Set up an automation that runs every day and reports findings to your inbox:

Step 5: Security Review on PRs with @codex

Section titled “Step 5: Security Review on PRs with @codex”

For every PR that touches security-sensitive code, get an automated security review on GitHub:

@codex review for security vulnerabilities and security concerns

Codex reads the PR diff, applies your AGENTS.md security guidelines, and posts a code review focused specifically on security. This catches issues before they reach the main branch.

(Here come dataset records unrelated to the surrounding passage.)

text \<open>One step of the induction for small \<open>\<bar>l\<bar>\<close>: the pivot splits \<open>l\<^sup>2\<close> into \<open>(l a)\<^sup>2 + (l b)\<^sup>2 = l\<^sup>2 - 2 l\<^sup>2 a b\<close>,
  and the saving \<open>l\<^sup>2 a b\<close> pays for the quadratic term of the toll.\<close>
lemma exp_pivot_split_le:
  fixes a b l C :: real
  assumes ab: "0 \<le> a" "0 \<le> b" "a + b = 1" and C: "\<bar>C\<bar> \<le> 2" and l: "\<bar>l\<bar> \<le> 1/16"
  shows "exp (64 * (l * a)\<^sup>2) * exp (64 * (l * b)\<^sup>2) * exp (l * C)
      \<le> exp (64 * l\<^sup>2) * (1 + l * C + 8 * l\<^sup>2 - 96 * l\<^sup>2 * (a * b))"
proof -
  define q where "q = 128 * l\<^sup>2 * (a * b)"
  define x where "x = l * C - q"
  have b: "b = 1 - a"
    using ab by simp
  have "64 * (l * a)\<^sup>2 + 64 * (l * b)\<^sup>2 + l * C = 64 * l\<^sup>2 + x"
    unfolding x_def q_def b by (simp add: power2_eq_square algebra_simps)
  then have lhs: "exp (64 * (l * a)\<^sup>2) * exp (64 * (l * b)\<^sup>2) * exp (l * C) = exp (64 * l\<^sup>2) * exp x"
    by (simp flip: exp_add)
  have "a * b = 1/4 - (a - 1/2)\<^sup>2"
    unfolding b by (simp add: power2_eq_square algebra_simps)
  then have "a * b \<le> 1/4"
    by simp
  moreover have "l\<^sup>2 \<le> (1/16)\<^sup>2"
    using l by (metis abs_le_square_iff abs_of_nonneg zero_le_divide_1_iff zero_le_numeral)
  ultimately have "l\<^sup>2 * (a * b) \<le> (1/16)\<^sup>2 * (1/4)"
    using ab by (intro mult_mono) auto
  then have q: "0 \<le> q" "q \<le> 1/8"
    using ab unfolding q_def by (auto simp: power2_eq_square)
  have lC: "\<bar>l * C\<bar> \<le> 1/16 * 2"
    unfolding abs_mult using l C by (intro mult_mono) auto
  have "C\<^sup>2 \<le> 2\<^sup>2"
    using C by (metis abs_le_square_iff abs_numeral)
  have lC2: "(l * C)\<^sup>2 \<le> 4 * l\<^sup>2"
    using mult_left_mono[OF \<open>C\<^sup>2 \<le> 2\<^sup>2\<close>, of "l\<^sup>2"] by (simp add: power_mult_distrib mult.commute)
  have "x\<^sup>2 = 2 * (l * C)\<^sup>2 + 2 * q\<^sup>2 - (l * C + q)\<^sup>2"
    unfolding x_def by (simp add: power2_eq_square algebra_simps)
  moreover have "q\<^sup>2 \<le> q / 8"
    using mult_left_mono[OF q(2) q(1)] by (simp add: power2_eq_square)
  moreover have "0 \<le> (l * C + q)\<^sup>2"
    by simp
  ultimately have "x\<^sup>2 \<le> 8 * l\<^sup>2 + q / 4"
    using lC2 by linarith
  moreover have "x \<le> 1"
    using lC q unfolding x_def by (simp add: abs_le_iff)
  ultimately have "exp x \<le> 1 + l * C + 8 * l\<^sup>2 - 96 * l\<^sup>2 * (a * b)"
    using exp_le_quadratic[of x] unfolding x_def q_def by linarith
  then show ?thesis
    unfolding lhs by (intro mult_left_mono) auto
qed
definition sq_prod :: "nat \<Rightarrow> rat fps" where "sq_prod m = (\<Prod>i\<in>{1..m}. quad (- of_nat (i^2)))"

lemma fps_const_minus_one: "fps_const (-1::rat) = -1"
  by (metis fps_const_1_eq_1 fps_const_neg)

lemma const_X_power_mult:
  "fps_const a * fps_X^i * (fps_const b * fps_X^j) = fps_const (a*b) * (fps_X^(i+j) :: rat fps)"
  by (rule fps_ext) (auto simp: mult.assoc fps_X_power_mult_nth)

lemma lin_minus_one: "lin (-1) = 1 - fps_X"
  by (simp add: lin_def fps_const_minus_one)

lemma lin_mult: "lin a * lin b = 1 + fps_const (a+b) * fps_X + fps_const (a*b) * fps_X^2"
  unfolding lin_def
  by (simp add: algebra_simps power2_eq_square del: fps_const_add fps_const_mult
      add: fps_const_add[symmetric] fps_const_mult[symmetric])

lemma lin_conj: "lin (- a) * lin a = quad (- (a^2))"
  unfolding lin_mult quad_def by (simp add: power2_eq_square)

lemma sq_prod_Suc: "sq_prod (Suc m) = sq_prod m * quad (- of_nat ((Suc m)^2))"
  by (simp add: sq_prod_def)

lemma sq_prod_Suc_lin: "sq_prod (Suc m) = sq_prod m * (lin (- of_nat (Suc m)) * lin (of_nat (Suc m)))"
  using lin_conj[of "of_nat (Suc m)"] by (simp add: sq_prod_Suc)

text \<open>
  Closed form of the column transforms: the factors 1 + c_k u become
  (1 + kX)(1 - (k+1)X)/(1-X), which telescope to
  (1-X) \<cdot> sq_prod m \<cdot> (1-(m+1)X) \<cdot> col_gf m = (-1)^{m+1} 2^m X^{2m+2}.
\<close>
lemma col_gf_closed:
  "lin (-1) * sq_prod m * lin (- of_nat (m+1)) * col_gf m = fps_const ((-1)^(m+1) * 2^m) * fps_X^(2*m+2)"
proof (induction m)
  case 0
  have "lin (-1) * sq_prod 0 * lin (- of_nat (0+1)) * col_gf 0 = (1 - fps_X)^2 * col_gf 0"
    by (simp add: lin_minus_one sq_prod_def power2_eq_square)
  also have "\<dots> = - (fps_X^2)" by (rule col_gf_0)
  finally show ?case by (simp add: fps_const_minus_one power2_eq_square)
next
  case (Suc m)
  have factor: "lin (of_nat (Suc m)) * lin (- of_nat (Suc m + 1)) =
      1 - fps_X - fps_const (of_nat ((m+1)*(m+2))) * fps_X^2"
  proof -
    have sum: "of_nat (Suc m) + - of_nat (Suc m + 1) = (-1::rat)" by simp
    have prod: "of_nat (Suc m) * - of_nat (Suc m + 1) = - (of_nat ((m+1)*(m+2)) :: rat)"
      by (simp add: algebra_simps)
    show ?thesis unfolding lin_mult sum prod fps_const_minus_one fps_const_neg[symmetric]
      by (simp add: algebra_simps del: fps_const_neg)
  qed
  have "lin (-1) * sq_prod (Suc m) * lin (- of_nat (Suc m + 1)) * col_gf (Suc m) =
     (lin (-1) * sq_prod m * lin (- of_nat (m+1))) *
     ((lin (of_nat (Suc m)) * lin (- of_nat (Suc m + 1))) * col_gf (Suc m))"
    by (simp add: sq_prod_Suc_lin ac_simps)
  also have "\<dots> = fps_const (-2) * fps_X^2 * (lin (-1) * sq_prod m * lin (- of_nat (m+1)) * col_gf m)"
    unfolding factor col_gf_Suc by (simp add: ac_simps fps_numeral_fps_const)
  also have "\<dots> = fps_const ((-1)^(Suc m+1) * 2^(Suc m)) * fps_X^(2*Suc m+2)"
    unfolding Suc.IH const_X_power_mult by (simp add: ac_simps)
  finally show ?case .
qed

definition even_fps :: "rat fps \<Rightarrow> bool" where "even_fps g \<longleftrightarrow> (\<forall>n. odd n \<longrightarrow> g $ n = 0)"

definition even_part :: "rat fps \<Rightarrow> rat fps" where
  "even_part f = Abs_fps (\<lambda>n. if even n then 2 * f $ n else 0)"

lemma even_part_mult:
  assumes g: "even_fps g"
  shows "even_part (f * g) = even_part f * g"
proof (rule fps_ext)
  fix n
  have "(even_part f * g) $ n = (\<Sum>i=0..n. even_part f $ i * g $ (n - i))" by (simp add: fps_mult_nth)
  also have "\<dots> = (\<Sum>i=0..n. if even n then 2 * (f $ i * g $ (n - i)) else 0)"
  proof (rule sum.cong[OF refl])
    fix i assume "i \<in> {0..n}"
    then have "even n \<Longrightarrow> odd i \<Longrightarrow> odd (n - i)" "odd n \<Longrightarrow> even i \<Longrightarrow> odd (n - i)" by auto
    then show "even_part f $ i * g $ (n - i) = (if even n then 2 * (f $ i * g $ (n - i)) else 0)"
      using g by (auto simp: even_part_def even_fps_def)
  qed
  also have "\<dots> = even_part (f * g) $ n"
    by (simp add: even_part_def fps_mult_nth sum_distrib_left)
  finally show "even_part (f * g) $ n = (even_part f * g) $ n" by simp
qed

lemma even_fps_mult: "even_fps f \<Longrightarrow> even_fps g \<Longrightarrow> even_fps (f * g)"
  unfolding even_fps_def
proof (intro allI impI)
  fix n :: nat
  assume f: "\<forall>n. odd n \<longrightarrow> f $ n = 0" and g: "\<forall>n. odd n \<longrightarrow> g $ n = 0" and n: "odd n"
  have "f $ i * g $ (n - i) = 0" if "i \<in> {0..n}" for i
    using that n f g by (cases "even i") auto
  then have "(\<Sum>i=0..n. f $ i * g $ (n - i)) = 0" by (rule sum.neutral[OF ballI])
  then show "(f * g) $ n = 0" by (simp add: fps_mult_nth)
qed

lemma even_fps_quad: "even_fps (quad a)"
  by (auto simp: even_fps_def quad_def)

lemma even_fps_sq_prod: "even_fps (sq_prod m)"
proof (induction m)
  case 0
  then show ?case by (simp add: sq_prod_def even_fps_def)
next
  case (Suc m)
  then show ?case unfolding sq_prod_Suc by (rule even_fps_mult[OF _ even_fps_quad])
qed

lemma even_fps_monomial: "even k \<Longrightarrow> even_fps (fps_const c * fps_X^k)"
  by (auto simp: even_fps_def)

lemma even_part_0: "even_part 0 = 0"
  by (rule fps_ext) (simp add: even_part_def)

lemma even_part_add: "even_part (f + g) = even_part f + even_part g"
  by (rule fps_ext) (simp add: even_part_def algebra_simps)

lemma even_part_const_mult: "even_part (fps_const c * f) = fps_const c * even_part f"
  by (rule fps_ext) (simp add: even_part_def algebra_simps)

lemma even_part_lin_prod: "even_part (lin 1 * lin (of_nat (m+1))) = fps_const 2 * quad (of_nat (m+1))"
proof (rule fps_ext)
  fix n
  have "lin 1 * lin (of_nat (m+1)) =
      1 + fps_const (of_nat (m+2)) * fps_X + fps_const (of_nat (m+1)) * fps_X^2"
    unfolding lin_mult by (simp add: algebra_simps)
  then show "even_part (lin 1 * lin (of_nat (m+1))) $ n = (fps_const 2 * quad (of_nat (m+1))) $ n"
    by (auto simp: even_part_def quad_def)
qed

text \<open>
  Multiplying by the even series (1-X^2) sq_prod (m+1) clears all denominators of the
  column transform and leaves an even part with only two terms.
\<close>
lemma col_gf_even_part:
  "even_part (col_gf m) * (quad (-1) * sq_prod (Suc m)) =
   fps_const ((-1)^(m+1) * 2^m) * fps_X^(2*m+2) * (fps_const 2 * quad (of_nat (m+1)))"
proof -
  have q1: "lin (-1) * lin 1 = quad (-1)" using lin_conj[of 1] by simp
  have "col_gf m * (quad (-1) * sq_prod (Suc m)) =
     (lin (-1) * sq_prod m * lin (- of_nat (m+1)) * col_gf m) * (lin 1 * lin (of_nat (m+1)))"
    unfolding sq_prod_Suc_lin q1[symmetric] by (simp add: ac_simps)
  also have "\<dots> = (lin 1 * lin (of_nat (m+1))) * (fps_const ((-1)^(m+1) * 2^m) * fps_X^(2*m+2))"
    unfolding col_gf_closed by (simp add: ac_simps)
  finally have prod: "col_gf m * (quad (-1) * sq_prod (Suc m)) =
      (lin 1 * lin (of_nat (m+1))) * (fps_const ((-1)^(m+1) * 2^m) * fps_X^(2*m+2))" .
  have "even_part (col_gf m) * (quad (-1) * sq_prod (Suc m)) =
      even_part (col_gf m * (quad (-1) * sq_prod (Suc m)))"
    by (simp add: even_part_mult even_fps_mult even_fps_quad even_fps_sq_prod)
  also have "\<dots> = even_part (lin 1 * lin (of_nat (m+1))) * (fps_const ((-1)^(m+1) * 2^m) * fps_X^(2*m+2))"
    unfolding prod by (rule even_part_mult) (rule even_fps_monomial, simp)
  finally show ?thesis
    unfolding even_part_lin_prod by (simp add: ac_simps)
qed

text \<open>
  Partial sums \<Sum>_{m<K} P_m col_gf m of the transform of h, and the even remainder which
  the telescoping argument below shows to be O(X^{2K+2}).
\<close>
definition partial_gf :: "nat \<Rightarrow> rat fps" where
  "partial_gf K = (\<Sum>m<K. fps_const (tri_prod m) * col_gf m)"

definition even_remainder :: "nat \<Rightarrow> rat fps" where
  "even_remainder K = quad (-1) * even_part (partial_gf K) + fps_const 2 * fps_X^2"

text \<open>P_m 2^m = m! (m+1)!, which fixes the leading coefficients in the telescoping step.\<close>
lemma tri_prod_fact: "tri_prod m * 2^m = fact m * (of_nat (m+1) * fact m)"
proof (induction m)
  case (Suc m)
  have "tri_prod (Suc m) * 2^(Suc m) = (tri_prod m * 2^m) * (2 * tri (Suc m))"
    by (simp add: tri_prod_def algebra_simps)
  also have "\<dots> = fact m * (of_nat (m+1) * fact m) * (of_nat (m+1) * of_nat (m+2))"
    using Suc by (simp add: tri_def field_simps)
  finally show ?case by (simp add: algebra_simps)
qed (simp add: tri_prod_def)

lemma const_X_power_quad:
  "fps_const a * fps_X^i * quad b = fps_const a * fps_X^i + fps_const (a*b) * fps_X^(i+2)"
proof -
  have "fps_const a * fps_X^i * quad b = fps_const a * fps_X^i + fps_const a * fps_X^i * (fps_const b * fps_X^2)"
    by (simp add: quad_def algebra_simps)
  then show ?thesis unfolding const_X_power_mult by simp
qed
(* Consider the unit-cost Correlated Pandora's Problem (all $c_i=1$) in which all volumes are positive even integers. Let $x$ be an optimal solution of the Unit-Cost Convex Program, and run Clairvoyant Stopping with (Discrete-Time) Poisson Rounding built from $x$. Then its expected objective is at most $4\cdot\mathrm{OPT}$ (i.e., it is $4$-competitive).
   Context: Correlated Pandora's Problem: boxes $[n]$, box $i$ has opening cost $c_i$ (here $c_i=1$) and volume $v_i$; the scenario $v=(v_1,\dots,v_n)$ is drawn from a known, possibly correlated distribution $\mathcal{D}$. Opening a box costs its cost and reveals its volume; the objective of an algorithm is total opening cost plus the volume of the taken box, minimized in expectation. A partially adaptive algorithm fixes the opening order in advance and adaptively decides when to stop (then taking the minimum opened volume); $\mathrm{OPT}$ is the minimum expected objective of a partially adaptive algorithm. Write $x_+=\max\{x,0\}$. Unit-Cost Convex Program: variables $x_i(t)\ge 0$ for $i,t\in[n]$ with $\sum_{i\in[n]}x_i(t)\le 1$ for all $t\in[n]$; minimize $\mathbf{E}_{v\sim\mathcal{D}}\sum_{t=1}^\infty\big(1-\sum_{i\in[n]}\sum_{t'\in[n],\,t'<t-v_i}x_i(t')\big)_+$. Discrete-Time Poisson Rounding: let $\bar x_i(t)=\frac1t\sum_{t'=1}^{\min\{t,n\}}x_i(t')$. Independently at each step $\tau=1,2,\dots$, sample box $i$ with probability $\bar x_i(\lceil\tau/2\rceil)$ (no box with the remaining probability); $\alpha_i$ is the first step at which box $i$ is sampled ($\infty$ if never). Clairvoyant Stopping: sample all $\alpha_i$; let $i^*=\arg\min_{i}(\alpha_i+v_i)$ (computed using the realized volumes); open boxes one per unit time step in ascending order of $\alpha_i$ and take box $i^*$ as soon as it is opened. The objective is the number of boxes opened plus $v_{i^*}$. *)

theory Defs
  imports "HOL-Probability.Probability"
begin

(* Boxes are 0..<n, time steps t of the program are 1..n.
   A scenario is v :: nat => nat (only v i, i<n, matter). *)

definition valid_order :: "nat \<Rightarrow> nat list \<Rightarrow> bool" where
  "valid_order n \<sigma> \<longleftrightarrow> distinct \<sigma> \<and> set \<sigma> = {..<n}"

(* stop v = number of boxes opened (>= 1, since a box must be taken);
   the decision to stop after k boxes depends only on the first k revealed volumes *)
definition valid_stop :: "nat \<Rightarrow> nat list \<Rightarrow> ((nat \<Rightarrow> nat) \<Rightarrow> nat) \<Rightarrow> bool" where
  "valid_stop n \<sigma> stop \<longleftrightarrow>
     (\<forall>v. 1 \<le> stop v \<and> stop v \<le> n) \<and>
     (\<forall>v w k. (\<forall>j<k. v (\<sigma> ! j) = w (\<sigma> ! j)) \<longrightarrow> stop v \<le> k \<longrightarrow> stop w = stop v)"

definition pa_cost :: "nat list \<Rightarrow> ((nat \<Rightarrow> nat) \<Rightarrow> nat) \<Rightarrow> (nat \<Rightarrow> nat) \<Rightarrow> nat" where
  "pa_cost \<sigma> stop v = stop v + Min ((\<lambda>j. v (\<sigma> ! j)) ` {..<stop v})"

definition OPT :: "nat \<Rightarrow> (nat \<Rightarrow> nat) pmf \<Rightarrow> ennreal" where
  "OPT n D = (INF p \<in> {(\<sigma>, stop). valid_order n \<sigma> \<and> valid_stop n \<sigma> stop}.
       \<integral>\<^sup>+ v. ennreal (real (pa_cost (fst p) (snd p) v)) \<partial>measure_pmf D)"

definition cp_feasible :: "nat \<Rightarrow> (nat \<Rightarrow> nat \<Rightarrow> real) \<Rightarrow> bool" where
  "cp_feasible n x \<longleftrightarrow> (\<forall>i<n. \<forall>t\<in>{1..n}. 0 \<le> x i t) \<and> (\<forall>t\<in>{1..n}. (\<Sum>i<n. x i t) \<le> 1)"

definition cp_term :: "nat \<Rightarrow> (nat \<Rightarrow> nat \<Rightarrow> real) \<Rightarrow> (nat \<Rightarrow> nat) \<Rightarrow> nat \<Rightarrow> real" where
  "cp_term n x v t = max 0 (1 - (\<Sum>i<n. \<Sum>t'\<in>{1..n}.
       if real t' < real t - real (v i) then x i t' else 0))"

definition cp_obj :: "nat \<Rightarrow> (nat \<Rightarrow> nat) pmf \<Rightarrow> (nat \<Rightarrow> nat \<Rightarrow> real) \<Rightarrow> ennreal" where
  "cp_obj n D x = (\<integral>\<^sup>+ v. (\<Sum>t. ennreal (cp_term n x v (Suc t))) \<partial>measure_pmf D)"

definition cp_optimal :: "nat \<Rightarrow> (nat \<Rightarrow> nat) pmf \<Rightarrow> (nat \<Rightarrow> nat \<Rightarrow> real) \<Rightarrow> bool" where
  "cp_optimal n D x \<longleftrightarrow> cp_feasible n x \<and> (\<forall>y. cp_feasible n y \<longrightarrow> cp_obj n D x \<le> cp_obj n D y)"

definition xbar :: "nat \<Rightarrow> (nat \<Rightarrow> nat \<Rightarrow> real) \<Rightarrow> nat \<Rightarrow> nat \<Rightarrow> real" where
  "xbar n x i t = (1 / real t) * (\<Sum>t'\<in>{1..min t n}. x i t')"

(* distribution of the sample at step \<tau> (\<tau> >= 1): Some i with prob xbar_i(ceil(\<tau>/2)), None otherwise *)
definition step_pmf :: "nat \<Rightarrow> (nat \<Rightarrow> nat \<Rightarrow> real) \<Rightarrow> nat \<Rightarrow> nat option pmf" where
  "step_pmf n x \<tau> = embed_pmf (\<lambda>r. case r of
       Some i \<Rightarrow> (if i < n then xbar n x i ((\<tau> + 1) div 2) else 0)
     | None \<Rightarrow> 1 - (\<Sum>i<n. xbar n x i ((\<tau> + 1) div 2)))"

(* \<omega> k is the outcome of step \<tau> = k + 1; steps are independent *)
definition rounding_space :: "nat \<Rightarrow> (nat \<Rightarrow> nat \<Rightarrow> real) \<Rightarrow> (nat \<Rightarrow> nat option) measure" where
  "rounding_space n x = (\<Pi>\<^sub>M k\<in>UNIV. measure_pmf (step_pmf n x (Suc k)))"

definition alpha :: "(nat \<Rightarrow> nat option) \<Rightarrow> nat \<Rightarrow> enat" where
  "alpha \<omega> i = (if \<exists>k. \<omega> k = Some i then enat (Suc (LEAST k. \<omega> k = Some i)) else \<infinity>)"

(* objective for given volumes v and sampling times a; ties in the arg min are
   resolved adversarially (worst case over all minimisers) *)
definition clairvoyant_cost :: "nat \<Rightarrow> (nat \<Rightarrow> nat) \<Rightarrow> (nat \<Rightarrow> enat) \<Rightarrow> ennreal" where
  "clairvoyant_cost n v a =
     (let m = Min ((\<lambda>i. a i + enat (v i)) ` {..<n}) in
      if m = \<infinity> then \<infinity> else
      (SUP i \<in> {i. i < n \<and> a i + enat (v i) = m}.
          ennreal (real (card {j. j < n \<and> a j < a i} + 1 + v i))))"

definition alg_cost :: "nat \<Rightarrow> (nat \<Rightarrow> nat) pmf \<Rightarrow> (nat \<Rightarrow> nat \<Rightarrow> real) \<Rightarrow> ennreal" where
  "alg_cost n D x = (\<integral>\<^sup>+ v. \<integral>\<^sup>+ \<omega>. clairvoyant_cost n v (alpha \<omega>) \<partial>rounding_space n x \<partial>measure_pmf D)"

end

theory Submission
  imports Defs
begin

For scheduled comprehensive reviews, use the Codex GitHub Action:

name: Security review
on:
pull_request:
paths:
- 'src/routes/**'
- 'src/middleware/auth*'
- 'src/lib/db/**'
jobs:
security-review:
runs-on: ubuntu-latest
steps:
- uses: actions/checkout@v5
- uses: openai/codex-action@v1
with:
openai-api-key: ${{ secrets.OPENAI_API_KEY }}
prompt: |
Review this PR specifically for security issues:
- Input validation completeness
- Authentication and authorization correctness
- SQL injection or NoSQL injection risks
- Sensitive data exposure in responses or logs
- Dependency security (new packages with known vulnerabilities)
Report only P0 and P1 security findings.
sandbox: read-only

Codex flags false positives. Security scanning has an inherent false positive rate. If Codex flags parameterized queries as SQL injection risks, it may not understand the ORM’s escaping behavior. Include “Drizzle ORM queries are parameterized by default. Do not flag standard Drizzle .where() calls as SQL injection” in your AGENTS.md.

Automated dependency updates break the build. If Codex updates a dependency to fix a CVE and the new version has breaking changes, the build fails. Always include “run the full test suite after updating dependencies. If tests fail, report the failures instead of committing broken code” in your prompt.

The daily scan generates too much noise. If every scan reports the same 15 medium-severity npm audit findings that you have already triaged, the reports become useless. Add acknowledged issues to an ignore list and tell Codex: “Skip vulnerabilities listed in .security-ignore.json. Only report new findings.”

Cloud environment misses environment-specific security issues. The cloud universal container does not replicate your production infrastructure (load balancer, WAF, network policies). Cloud scans catch code-level issues but not deployment-level security. Use the cloud for code audits and supplement with infrastructure scanning tools.